I enjoyed Nanette very much. It felt like some inside baseball connected on a very broad level, which is interesting. It's powerful, vulnerable, brilliantly composed, and funny.

It's a pleasure to watch people who didn't enjoy it melt down about it. It clearly gets under your skin, whether you thought you liked it or not. Gadsby's thoughts on self-deprecating humor are spot on, and her exploration of standup as a balance of tension and release were perfectly articulated. My own style and approach to comedy means I have some different theories. She distills "joke" down to its simplest definition: a question with a surprise answer.

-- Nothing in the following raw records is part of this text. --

(* Let $n$ be a positive even integer and let $$R=H^{\otimes n}\left(\sum_{x\in\{0,1\}^n}(-1)^{\sum_{i=1}^{n-1}x_ix_{i+1}}|x\rangle\langle x|\right)H^{\otimes n},$$ a $2^n\times 2^n$ real matrix indexed by $\{0,1\}^n$. Then every matrix element of $R$ satisfies $|\langle y|R|z\rangle|=2^{-n/2}$ for all $y,z\in\{0,1\}^n$, and in every row of $R$ there are exactly $\frac12(2^n+2^{n/2})$ positive entries and $\frac12(2^n-2^{n/2})$ negative entries.
   Context: $H=\frac{1}{\sqrt2}\begin{pmatrix}1&1\\1&-1\end{pmatrix}$ is the Hadamard matrix, $H^{\otimes n}$ its $n$-fold tensor power, and $\{|x\rangle : x\in\{0,1\}^n\}$ is the computational basis of $(\mathbb{C}^2)^{\otimes n}$, with $x=x_1x_2\ldots x_n$. *)

theory Defs
  imports Complex_Main
begin

text \<open>Computational basis states of n qubits: bit strings x = x_1 ... x_n,
  represented as boolean lists of length n (list index i corresponds to x_(i+1)).
  Operators on (C^2)^{tensor n} are represented by their matrix elements
  (y, z) \<mapsto> <y|A|z> for bit strings y, z.\<close>

definition bitstrings :: "nat \<Rightarrow> bool list set" where
  "bitstrings n = {x. length x = n}"

definition bitnat :: "bool \<Rightarrow> nat" where
  "bitnat b = (if b then 1 else 0)"

definition hadamard :: "bool \<Rightarrow> bool \<Rightarrow> real" where
  "hadamard a b = (-1) ^ (bitnat a * bitnat b) / sqrt 2"

definition hadamard_tensor :: "nat \<Rightarrow> bool list \<Rightarrow> bool list \<Rightarrow> real" where
  "hadamard_tensor n y x = (\<Prod>i<n. hadamard (y ! i) (x ! i))"

definition op_mult :: "nat \<Rightarrow> (bool list \<Rightarrow> bool list \<Rightarrow> real) \<Rightarrow> (bool list \<Rightarrow> bool list \<Rightarrow> real)
    \<Rightarrow> bool list \<Rightarrow> bool list \<Rightarrow> real" where
  "op_mult n A B y z = (\<Sum>x\<in>bitstrings n. A y x * B x z)"

definition phase_diag :: "nat \<Rightarrow> bool list \<Rightarrow> bool list \<Rightarrow> real" where
  "phase_diag n x x' = (if x = x' then
      (-1) ^ (\<Sum>i\<in>{1..n-1}. bitnat (x ! (i - 1)) * bitnat (x ! i)) else 0)"

definition R_op :: "nat \<Rightarrow> bool list \<Rightarrow> bool list \<Rightarrow> real" where
  "R_op n = op_mult n (op_mult n (hadamard_tensor n) (phase_diag n)) (hadamard_tensor n)"

end

theory Submission
  imports Defs
begin

text \<open>Let q(x) = x_1 x_2 + ... + x_{n-1} x_n. Expanding both Hadamard layers gives
  <y|R|z> = 2^(-n) S(y xor z), where S(w) = sum_x (-1)^(q(x) + w.x) is the Walsh transform of the
  path phase. Summing out x_1 forces x_2 = w_1, after which summing out x_2 leaves a transform of
  the same kind on x_3 ... x_n, with w_3 flipped by w_1; so S(a b w) = +-2 S(w'). For even n this
  makes every S(w) equal to +-2^(n/2), and the same recursion shows that the signs of S sum to
  2^(n/2), which counts the positive and negative entries of each row.\<close>

definition bool_sign :: "bool \<Rightarrow> real" where
  "bool_sign b = (if b then -1 else 1)"

lemma bool_sign_simps [simp]: "bool_sign True = -1" "bool_sign False = 1"
  by (simp_all add: bool_sign_def)

lemma bool_sign_not [simp]: "bool_sign (\<not> p) = - bool_sign p"
  by (cases p) simp_all

lemma bool_sign_xor: "bool_sign (p \<noteq> q) = bool_sign p * bool_sign q"
  by (cases p; cases q) simp_all

lemma minus_one_power_bitnat: "(-1::real) ^ (bitnat a * bitnat b) = bool_sign (a \<and> b)"
  by (cases a; cases b) (simp_all add: bitnat_def)

fun path_phase :: "bool list \<Rightarrow> real" where
  "path_phase (a # b # x) = bool_sign (a \<and> b) * path_phase (b # x)"
| "path_phase _ = 1"

fun inner_sign :: "bool list \<Rightarrow> bool list \<Rightarrow> real" where
  "inner_sign (a # w) (b # x) = bool_sign (a \<and> b) * inner_sign w x"
| "inner_sign _ _ = 1"

fun flip_hd :: "bool \<Rightarrow> bool list \<Rightarrow> bool list" where
  "flip_hd a [] = []"
| "flip_hd a (c # w) = (c \<noteq> a) # w"

fun xor_list :: "bool list \<Rightarrow> bool list \<Rightarrow> bool list" where
  "xor_list (a # y) (b # z) = (a \<noteq> b) # xor_list y z"
| "xor_list _ _ = []"

lemma length_flip_hd [simp]: "length (flip_hd a w) = length w"
  by (cases w) auto

lemma flip_hd_flip_hd [simp]: "flip_hd a (flip_hd a w) = w"
  by (cases w) auto

fun path_sign :: "bool list \<Rightarrow> bool" where
  "path_sign (a # b # w) = ((a \<and> b) \<noteq> path_sign (flip_hd a w))"
| "path_sign _ = False"

lemma length_xor_list [simp]: "length (xor_list y z) = min (length y) (length z)"
  by (induction y z rule: xor_list.induct) auto

lemma xor_list_xor_list: "length y = length z \<Longrightarrow> xor_list y (xor_list y z) = z"
  by (induction y z rule: xor_list.induct) auto

lemma inner_sign_commute: "inner_sign y x = inner_sign x y"
  by (induction y x rule: inner_sign.induct) (auto simp: conj_commute)

lemma inner_sign_mult:
  "length y = length x \<Longrightarrow> length z = length x \<Longrightarrow>
    inner_sign y x * inner_sign z x = inner_sign (xor_list y z) x"
proof (induction x arbitrary: y z)
  case (Cons b x)
  then obtain a y' c z' where "y = a # y'" "z = c # z'"
    by (cases y; cases z) auto
  with Cons show ?case
    by (cases a; cases b; cases c; simp; metis mult.assoc mult.left_commute)
qed simp

lemma path_phase_inner_sign_flip_hd:
  assumes "length x = length w"
  shows "path_phase (a # x) * inner_sign w x = path_phase x * inner_sign (flip_hd a w) x"
proof (cases x)
  case (Cons d x')
  with assms obtain c w' where "w = c # w'" by (cases w) auto
  with Cons show ?thesis by (cases a; cases c; cases d) simp_all
qed simp

lemma mem_bitstrings [simp]: "x \<in> bitstrings n \<longleftrightarrow> length x = n"
  by (simp add: bitstrings_def)

lemma bitstrings_eq_lists: "bitstrings n = {xs. set xs \<subseteq> UNIV \<and> length xs = n}"
  by (auto simp: bitstrings_def)

lemma finite_bitstrings [simp]: "finite (bitstrings n)"
  unfolding bitstrings_eq_lists by (rule finite_lists_length_eq) simp

lemma card_bitstrings: "card (bitstrings n) = 2 ^ n"
  unfolding bitstrings_eq_lists by (subst card_lists_length_eq) (simp_all add: card_UNIV_bool)

lemma bitstrings_0: "bitstrings 0 = {[]}"
  by (auto simp: bitstrings_def)

lemma sum_bitstrings_Suc:
  "(\<Sum>x\<in>bitstrings (Suc n). f x) = (\<Sum>x\<in>bitstrings n. f (True # x) + f (False # x))"
proof -
  have "bitstrings (Suc n) = Cons True ` bitstrings n \<union> Cons False ` bitstrings n"
    by (auto simp: bitstrings_def length_Suc_conv)
  then have "(\<Sum>x\<in>bitstrings (Suc n). f x)
      = sum f (Cons True ` bitstrings n) + sum f (Cons False ` bitstrings n)"
    by (simp only:) (rule sum.union_disjoint; auto)
  then show ?thesis
    by (simp add: sum.reindex sum.distrib)
qed

lemma sum_bitstrings_Suc_Suc:
  "(\<Sum>x\<in>bitstrings (Suc (Suc n)). f x) = (\<Sum>v\<in>bitstrings n.
     f (True # True # v) + f (True # False # v) + f (False # True # v) + f (False # False # v))"
  by (simp add: sum_bitstrings_Suc sum.distrib add.assoc)

lemma bij_betw_flip_hd: "bij_betw (flip_hd a) (bitstrings n) (bitstrings n)"
  by (rule bij_betw_byWitness[where f' = "flip_hd a"]) auto

lemma card_xor_list_translate:
  assumes "length y = n"
  shows "card {z\<in>bitstrings n. P (xor_list y z)} = card {w\<in>bitstrings n. P w}"
  by (rule bij_betw_same_card[OF bij_betw_byWitness[where f = "xor_list y" and f' = "xor_list y"]])
    (use assms in \<open>auto simp: xor_list_xor_list\<close>)

definition walsh_path :: "bool list \<Rightarrow> real" where
  "walsh_path w = (\<Sum>x\<in>bitstrings (length w). path_phase x * inner_sign w x)"

lemma walsh_path_Cons_Cons:
  "walsh_path (a # b # w) = 2 * bool_sign (a \<and> b) * walsh_path (flip_hd a w)"
proof -
  have "walsh_path (a # b # w)
      = (\<Sum>v\<in>bitstrings (length w). 2 * bool_sign (a \<and> b) * (path_phase (a # v) * inner_sign w v))"
    unfolding walsh_path_def length_Cons sum_bitstrings_Suc_Suc
    by (rule sum.cong) (auto, (cases a; cases b; simp))
  also have "\<dots> = (\<Sum>v\<in>bitstrings (length w).
      2 * bool_sign (a \<and> b) * (path_phase v * inner_sign (flip_hd a w) v))"
    by (rule sum.cong) (simp_all add: path_phase_inner_sign_flip_hd)
  finally show ?thesis
    by (simp add: walsh_path_def sum_distrib_left)
qed

lemma walsh_path_even_length:
  "even (length w) \<Longrightarrow> walsh_path w = bool_sign (path_sign w) * 2 ^ (length w div 2)"
proof (induction w rule: path_sign.induct)
  case (1 a b w)
  then have "walsh_path (flip_hd a w) = bool_sign (path_sign (flip_hd a w)) * 2 ^ (length w div 2)"
    by simp
  then show ?case
    by (cases a; cases b) (simp_all add: walsh_path_Cons_Cons bool_sign_def)
qed (simp_all add: walsh_path_def bitstrings_0)

lemma sum_bool_sign_path_sign: "(\<Sum>w\<in>bitstrings (2 * k). bool_sign (path_sign w)) = 2 ^ k"
proof (induction k)
  case 0
  then show ?case by (simp add: bitstrings_0)
next
  case (Suc k)
  have flipped: "(\<Sum>v\<in>bitstrings (2 * k). bool_sign (path_sign (flip_hd a v))) = 2 ^ k" for a
    using sum.reindex_bij_betw[OF bij_betw_flip_hd, of "\<lambda>v. bool_sign (path_sign v)"] Suc.IH
    by simp
  \<comment> \<open>The two strings starting with \<open>True\<close> cancel; the two starting with \<open>False\<close> agree.\<close>
  have "(\<Sum>w\<in>bitstrings (2 * Suc k). bool_sign (path_sign w))
      = (\<Sum>v\<in>bitstrings (2 * k). 2 * bool_sign (path_sign (flip_hd False v)))"
    unfolding mult_Suc_right add_2_eq_Suc sum_bitstrings_Suc_Suc
    by (simp add: bool_sign_xor)
  also have "\<dots> = 2 * 2 ^ k"
    by (simp add: sum_distrib_left[symmetric] flipped)
  finally show ?case by simp
qed

lemma card_path_sign:
  "real (card {w\<in>bitstrings (2 * k). \<not> path_sign w}) = (2 ^ (2 * k) + 2 ^ k) / 2"
  "real (card {w\<in>bitstrings (2 * k). path_sign w}) = (2 ^ (2 * k) - 2 ^ k) / 2"
proof -
  let ?B = "bitstrings (2 * k)"
  let ?P = "real (card {w\<in>?B. \<not> path_sign w})" and ?N = "real (card {w\<in>?B. path_sign w})"
  have card_eq: "real (card {w\<in>?B. Q w}) = (\<Sum>w\<in>?B. if Q w then 1 else 0)" for Q
    by (simp add: sum.inter_filter[symmetric])
  have "?P + ?N = (\<Sum>w\<in>?B. 1)"
    unfolding card_eq sum.distrib[symmetric] by (rule sum.cong) simp_all
  then have "?P + ?N = 2 ^ (2 * k)"
    by (simp add: card_bitstrings)
  moreover have "?P - ?N = 2 ^ k"
    unfolding card_eq sum_subtractf[symmetric] sum_bool_sign_path_sign[symmetric]
    by (rule sum.cong) (simp_all add: bool_sign_def)
  ultimately show "?P = (2 ^ (2 * k) + 2 ^ k) / 2" "?N = (2 ^ (2 * k) - 2 ^ k) / 2"
    by simp_all
qed

lemma hadamard_tensor_eq:
  assumes "length y = n" and "length x = n"
  shows "hadamard_tensor n y x = inner_sign y x / sqrt 2 ^ n"
proof -
  have "hadamard_tensor (length x) y x = inner_sign y x / sqrt 2 ^ length x"
    if "length y = length x" for y x
    using that
  proof (induction x arbitrary: y)
    case (Cons b x)
    then obtain a y' where y: "y = a # y'" by (cases y) auto
    with Cons have "hadamard_tensor (length x) y' x = inner_sign y' x / sqrt 2 ^ length x"
      by simp
    then show ?case
      unfolding y hadamard_tensor_def
      by (simp add: prod.lessThan_Suc_shift hadamard_def minus_one_power_bitnat
          del: prod.lessThan_Suc)
  qed (simp add: hadamard_tensor_def)
  from this[of y x] assms show ?thesis by simp
qed

lemma minus_one_power_path_sum:
  "(-1::real) ^ (\<Sum>i\<in>{1..length x - 1}. bitnat (x ! (i - 1)) * bitnat (x ! i)) = path_phase x"
proof (induction x rule: path_phase.induct)
  case (1 a b x)
  let ?f = "\<lambda>i. bitnat ((a # b # x) ! (i - 1)) * bitnat ((a # b # x) ! i)"
  have "(\<Sum>i\<in>{1..length (a # b # x) - 1}. ?f i) = (\<Sum>i=0..length x. ?f (Suc i))"
    using sum.shift_bounds_cl_Suc_ivl[of ?f 0 "length x"] by simp
  also have "\<dots> = ?f 1 + (\<Sum>i=1..length x. ?f (Suc i))"
    by (simp add: sum.atLeast_Suc_atMost)
  also have "(\<Sum>i=1..length x. ?f (Suc i))
      = (\<Sum>i\<in>{1..length (b # x) - 1}. bitnat ((b # x) ! (i - 1)) * bitnat ((b # x) ! i))"
    by (rule sum.cong) (auto simp: nth_Cons')
  finally show ?case
    using 1 by (simp add: power_add minus_one_power_bitnat)
qed simp_all

lemma R_op_eq_walsh_path:
  assumes y: "length y = n" and z: "length z = n"
  shows "R_op n y z = walsh_path (xor_list y z) / 2 ^ n"
proof -
  have sqrt2: "sqrt 2 ^ n * sqrt 2 ^ n = (2::real) ^ n"
    by (simp add: power_mult_distrib[symmetric])
  have left: "op_mult n (hadamard_tensor n) (phase_diag n) y x
      = inner_sign y x / sqrt 2 ^ n * path_phase x" if x: "length x = n" for x
  proof -
    have "phase_diag n x x = path_phase x"
      using minus_one_power_path_sum[of x] x by (simp add: phase_diag_def)
    then have "op_mult n (hadamard_tensor n) (phase_diag n) y x
        = (\<Sum>x'\<in>bitstrings n. if x' = x then hadamard_tensor n y x * path_phase x else 0)"
      unfolding op_mult_def by (intro sum.cong) (auto simp: phase_diag_def)
    then show ?thesis
      using x y by (simp add: hadamard_tensor_eq)
  qed
  have "R_op n y z = (\<Sum>x\<in>bitstrings n. path_phase x * inner_sign (xor_list y z) x / 2 ^ n)"
    unfolding R_op_def op_mult_def[of n _ "hadamard_tensor n"]
    using y z sqrt2
    by (intro sum.cong) (simp_all add: left hadamard_tensor_eq inner_sign_commute[of _ z]
        inner_sign_mult[symmetric])
  then show ?thesis
    using y z by (simp add: walsh_path_def sum_divide_distrib)
qed

lemma R_op_even:
  assumes "length y = 2 * k" and "length z = 2 * k"
  shows "R_op (2 * k) y z = bool_sign (path_sign (xor_list y z)) / 2 ^ k"
  using assms
  by (simp add: R_op_eq_walsh_path walsh_path_even_length power_add mult_2 del: mult_2_right)

lemma card_row_R_op:
  assumes y: "length y = 2 * k"
  shows "real (card {z\<in>bitstrings (2 * k). R_op (2 * k) y z > 0}) = (2 ^ (2 * k) + 2 ^ k) / 2"
    and "real (card {z\<in>bitstrings (2 * k). R_op (2 * k) y z < 0}) = (2 ^ (2 * k) - 2 ^ k) / 2"
proof -
  have "{z\<in>bitstrings (2 * k). R_op (2 * k) y z > 0}
      = {z\<in>bitstrings (2 * k). \<not> path_sign (xor_list y z)}"
   and "{z\<in>bitstrings (2 * k). R_op (2 * k) y z < 0}
      = {z\<in>bitstrings (2 * k). path_sign (xor_list y z)}"
    using y by (auto simp: R_op_even bool_sign_def split: if_splits)
  then show "real (card {z\<in>bitstrings (2 * k). R_op (2 * k) y z > 0}) = (2 ^ (2 * k) + 2 ^ k) / 2"
    and "real (card {z\<in>bitstrings (2 * k). R_op (2 * k) y z < 0}) = (2 ^ (2 * k) - 2 ^ k) / 2"
    by (simp_all only: card_xor_list_translate[OF y, of "\<lambda>w. \<not> path_sign w"]
        card_xor_list_translate[OF y, of path_sign] card_path_sign)
qed

theorem mainTheorem2:
  fixes n :: nat
  assumes "n > 0" and "even n"
  shows "(\<forall>y\<in>bitstrings n. \<forall>z\<in>bitstrings n. \<bar>R_op n y z\<bar> = 2 powr (- real n / 2))
       \<and> (\<forall>y\<in>bitstrings n.
            real (card {z\<in>bitstrings n. R_op n y z > 0}) = (2 ^ n + 2 powr (real n / 2)) / 2
          \<and> real (card {z\<in>bitstrings n. R_op n y z < 0}) = (2 ^ n - 2 powr (real n / 2)) / 2)"
proof -
  obtain k where n: "n = 2 * k"
    using assms(2) by blast
  have "2 powr (real n / 2) = 2 ^ k" and "2 powr (- real n / 2) = 1 / 2 ^ k"
    by (simp_all add: n powr_minus_divide powr_realpow)
  then show ?thesis
    using card_row_R_op[of _ k] by (auto simp: n R_op_even bool_sign_def)
qed

end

My distillation is a bit different. Insufferably, here it is: two contradictory ideas that both appear to be true. I'm splitting nerd hairs here. Basically it's just two ways of saying cognitive dissonance.

This is the kind of extra specific thought that popped up while I was watching. I didn't disagree with Gadsby, I thought about how my own thoughts or tricks are different. The special made me think a lot about how and why I do comedy. I do it with love because I love it. That can be vulnerable, but this is a great special to watch if you need a reminder on how powerful vulnerability can be.

I am thankful for any piece of work that is written for someone other than 18-49 year old dudes. I'm thankful for a woman's perspective not written by or "approved of" by dudes. As a comedy fan, I am much more likely to connect with someone like Gadsby than a long list of boring clones with bloated popularity, so I get a giggle watching people punch their keyboard about it.

Another thought: Since the Me Too movement has been moving through comedy, I have felt this pressure to “fix it” on stage for scared male peers. To write jokes that will make it all OK, or make them feel better, or to make the crowd feel better about it and it’s fucking exhausting. I didn’t realize how much I needed a long, strong, unapologetic set.

Danielle Radford

I am a storytelling comic. There is a long line of storytelling comics. I don’t understand why this special made folks suddenly cranky.

Nanette made me feel stuff. It’s OK if it didn’t make you feel stuff. Comedy is subjective. Some comics yell other comics’ innermost insecurities in front of large crowds for sport and then take them out to breakfast and that’s comedy. Some lay themselves bare in sets about their family life and failures in a set up/punch style and that’s comedy. Some folks show up to open mics buck ass naked because *Tim Allen noise* and that... happens. There’s room for ALL of it. Comedy is a large umbrella. Enjoy what speaks to you. Don’t stress about the rest because it doesn’t affect you, you weirdo.

Quotes lightly edited for length and clarity.